Reputation: 1730
I'm trying to get the aggregate column-wise median of a series of arrays. For example:
a = np.array([[1,9,3],[1,1,1],[8,5,4]])
df = pd.DataFrame(columns=["a"])
df["a"] = list(a)
df["b"] = [1,1,2]
A = df.groupby("b")["a"].apply(lambda x: np.mean(x, axis=0))
print(A)
B = df.groupby("b")["a"].apply(lambda x: np.median(x, axis=0))
print(B)
Getting the mean works fine, but the median gives the error
ValueError: The truth value of an array with more than one element is ambiguous. Use a.any() or a.all()
Upvotes: 1
Views: 729
Reputation: 35626
np.mean
is supported by numpy and pandas explicitly. Numpy mean will check if there is a mean
attribute attached to the passed in structure (numpy source code).

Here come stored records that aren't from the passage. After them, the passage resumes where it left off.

(* Let $0<\epsilon<\frac{\sqrt2}{2}$ be a constant. There is a constant $c>0$ such that the following holds for every function $m=m(n)\ge 0$. Consider the fraction of matrices $\mathbf M\in\mathrm{GL}(n,2)$ with the following property: every $n$-qubit $m$-ancilla quantum circuit that $\epsilon$-approximates the CNOT circuit $\mathbf M$ has depth at least $$c\cdot\max\left\{\log n,\ \frac{n^2}{(n+m)\log(n+m)}\right\}.$$ This fraction tends to $1$ as $n\to\infty$.
   Context: Quantum circuits here consist of arbitrary single-qubit and two-qubit unitary gates. The depth of a circuit is the number of layers, where each layer consists of gates acting on pairwise disjoint qubits. A matrix $\mathbf M\in\mathrm{GL}(n,2)$ is identified with the $n$-qubit CNOT circuit $\mathcal C_1$ acting by $|\mathbf x\rangle\mapsto|\mathbf M\mathbf x\rangle$ on computational basis states. An $n$-qubit $m$-ancilla quantum circuit $\mathcal C_2$ is a circuit on $n+m$ qubits. It $\epsilon$-approximates $\mathcal C_1$ if for every $\mathbf x\in\{0,1\}^n$ two conditions hold: - $\mathcal C_2|\mathbf x\rangle|0\rangle^{\otimes m}=|\varphi_{\mathbf x}\rangle|0\rangle^{\otimes m}$ for some unit vector $|\varphi_{\mathbf x}\rangle\in\mathbb C^{2^n}$; - $\||\varphi_{\mathbf x}\rangle-\mathcal C_1|\mathbf x\rangle\|_2<\epsilon$. Logarithms are base 2. *)

theory Defs
  imports Complex_Main "HOL-Library.Z2" "Jordan_Normal_Form.Matrix" "Jordan_Normal_Form.Schur_Decomposition"
begin

definition GL2 :: "nat \<Rightarrow> bit mat set" where
  "GL2 n = {M \<in> carrier_mat n n. invertible_mat M}"

(* Computational basis encoding: qubit i corresponds to bit i of the basis index. *)
definition bidx :: "bit vec \<Rightarrow> nat" where
  "bidx x = (\<Sum>i<dim_vec x. if x $ i = 1 then 2 ^ i else 0)"

definition vnorm :: "complex vec \<Rightarrow> real" where
  "vnorm v = sqrt (\<Sum>i<dim_vec v. (cmod (v $ i))\<^sup>2)"

definition unitary_mat :: "nat \<Rightarrow> complex mat \<Rightarrow> bool" where
  "unitary_mat d U \<longleftrightarrow> U \<in> carrier_mat d d \<and> U * mat_adjoint U = 1\<^sub>m d \<and> mat_adjoint U * U = 1\<^sub>m d"

(* G is a unitary on N qubits of the form U (x) Id, where U acts on the qubits in Q *)
definition gate_on :: "nat \<Rightarrow> nat set \<Rightarrow> complex mat \<Rightarrow> bool" where
  "gate_on N Q G \<longleftrightarrow> Q \<subseteq> {..<N} \<and> (card Q = 1 \<or> card Q = 2) \<and> unitary_mat (2 ^ N) G \<and>
     (\<exists>g. \<forall>x<2 ^ N. \<forall>y<2 ^ N. G $$ (x, y) =
        (if \<forall>i<N. i \<notin> Q \<longrightarrow> bit x i = bit y i
         then g (\<lambda>i. i \<in> Q \<and> bit x i) (\<lambda>i. i \<in> Q \<and> bit y i) else 0))"

definition is_layer :: "nat \<Rightarrow> (nat set \<times> complex mat) list \<Rightarrow> bool" where
  "is_layer N L \<longleftrightarrow> (\<forall>(Q, G) \<in> set L. gate_on N Q G) \<and>
     (\<forall>i<length L. \<forall>j<length L. i \<noteq> j \<longrightarrow> fst (L ! i) \<inter> fst (L ! j) = {})"

definition layer_op :: "nat \<Rightarrow> (nat set \<times> complex mat) list \<Rightarrow> complex mat" where
  "layer_op N L = foldr (\<lambda>(Q, G) acc. G * acc) L (1\<^sub>m (2 ^ N))"

definition is_circuit :: "nat \<Rightarrow> (nat set \<times> complex mat) list list \<Rightarrow> bool" where
  "is_circuit N C \<longleftrightarrow> (\<forall>L \<in> set C. is_layer N L)"

(* first layer of the list is applied first *)
definition circuit_op :: "nat \<Rightarrow> (nat set \<times> complex mat) list list \<Rightarrow> complex mat" where
  "circuit_op N C = foldl (\<lambda>acc L. layer_op N L * acc) (1\<^sub>m (2 ^ N)) C"

definition depth :: "(nat set \<times> complex mat) list list \<Rightarrow> nat" where
  "depth C = length C"

(* C is an n-qubit m-ancilla circuit that eps-approximates the CNOT circuit M;
   data qubits 0..n-1, ancillas n..n+m-1 *)
definition approximates :: "nat \<Rightarrow> nat \<Rightarrow> real \<Rightarrow> (nat set \<times> complex mat) list list \<Rightarrow> bit mat \<Rightarrow> bool" where
  "approximates n m eps C M \<longleftrightarrow> is_circuit (n + m) C \<and>
     (\<forall>x \<in> carrier_vec n. \<exists>\<phi> \<in> carrier_vec (2 ^ n). vnorm \<phi> = 1 \<and>
        circuit_op (n + m) C *\<^sub>v unit_vec (2 ^ (n + m)) (bidx x)
          = vec (2 ^ (n + m)) (\<lambda>j. if j < 2 ^ n then \<phi> $ j else 0) \<and>
        vnorm (\<phi> - unit_vec (2 ^ n) (bidx (M *\<^sub>v x))) < eps)"

end

theory Submission
  imports Defs "HOL-Analysis.L2_Norm" "HOL-Analysis.Convex" "HOL-Real_Asymp.Real_Asymp"
begin

(* Two counting arguments, one for each term of the maximum.

   Light cones: conjugating the projector onto output qubit i by a circuit of depth d gives an
   operator acting only on the backward light cone of i, which has at most 3^d qubits.  The
   probability of reading bit i of Mx is therefore determined by the input bits in that cone, so
   every row of a matrix M approximated in depth d has at most 3^d ones.  Below depth (log n)/4
   this leaves at most (n+1)^(n sqrt n) matrices, a vanishing fraction of
   |GL(n,2)| >= 2^((n^2-1)/4).

   Discretization: rounding every gate entry to a grid of mesh t/(8n^2) moves a circuit with at
   most n^2 gates by at most 3t, while circuits approximating different matrices stay
   sqrt 2 - 2 eps apart on some basis vector; so distinct matrices have distinct rounded
   circuits.  On n + m qubits there are at most Z^((n+m) d) rounded circuits of depth d, with Z
   polynomial in n + m, which is below 2^(n^2/8) for d <= c n^2 / ((n+m) log (n+m)). *)

section \<open>Basis states as bit strings\<close>

definition nat_of_bits :: "nat \<Rightarrow> (nat \<Rightarrow> bool) \<Rightarrow> nat" where
  "nat_of_bits N f = horner_sum of_bool 2 (map f [0..<N])"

If there is then the pandas NDFrame.mean
function is used instead (pandas source code).
However, np.median
does not have the same such support in that numpy
does not check if there is a median
attribute it can use instead.
For this reason, the values will need to be converted to a valid 2d array first (either explicitly or implicitly by np.median
).
B = df.groupby("b")["a"].apply(lambda x: np.median([*x], axis=0))
B
:
b
1 [1.0, 5.0, 2.0]
2 [8.0, 5.0, 4.0]
Name: a, dtype: object
The following options would also work:
np.median(x.tolist(), axis=0)
np.median(np.array([*x]), axis=0)
np.median(np.array(x.tolist()), axis=0)
Upvotes: 2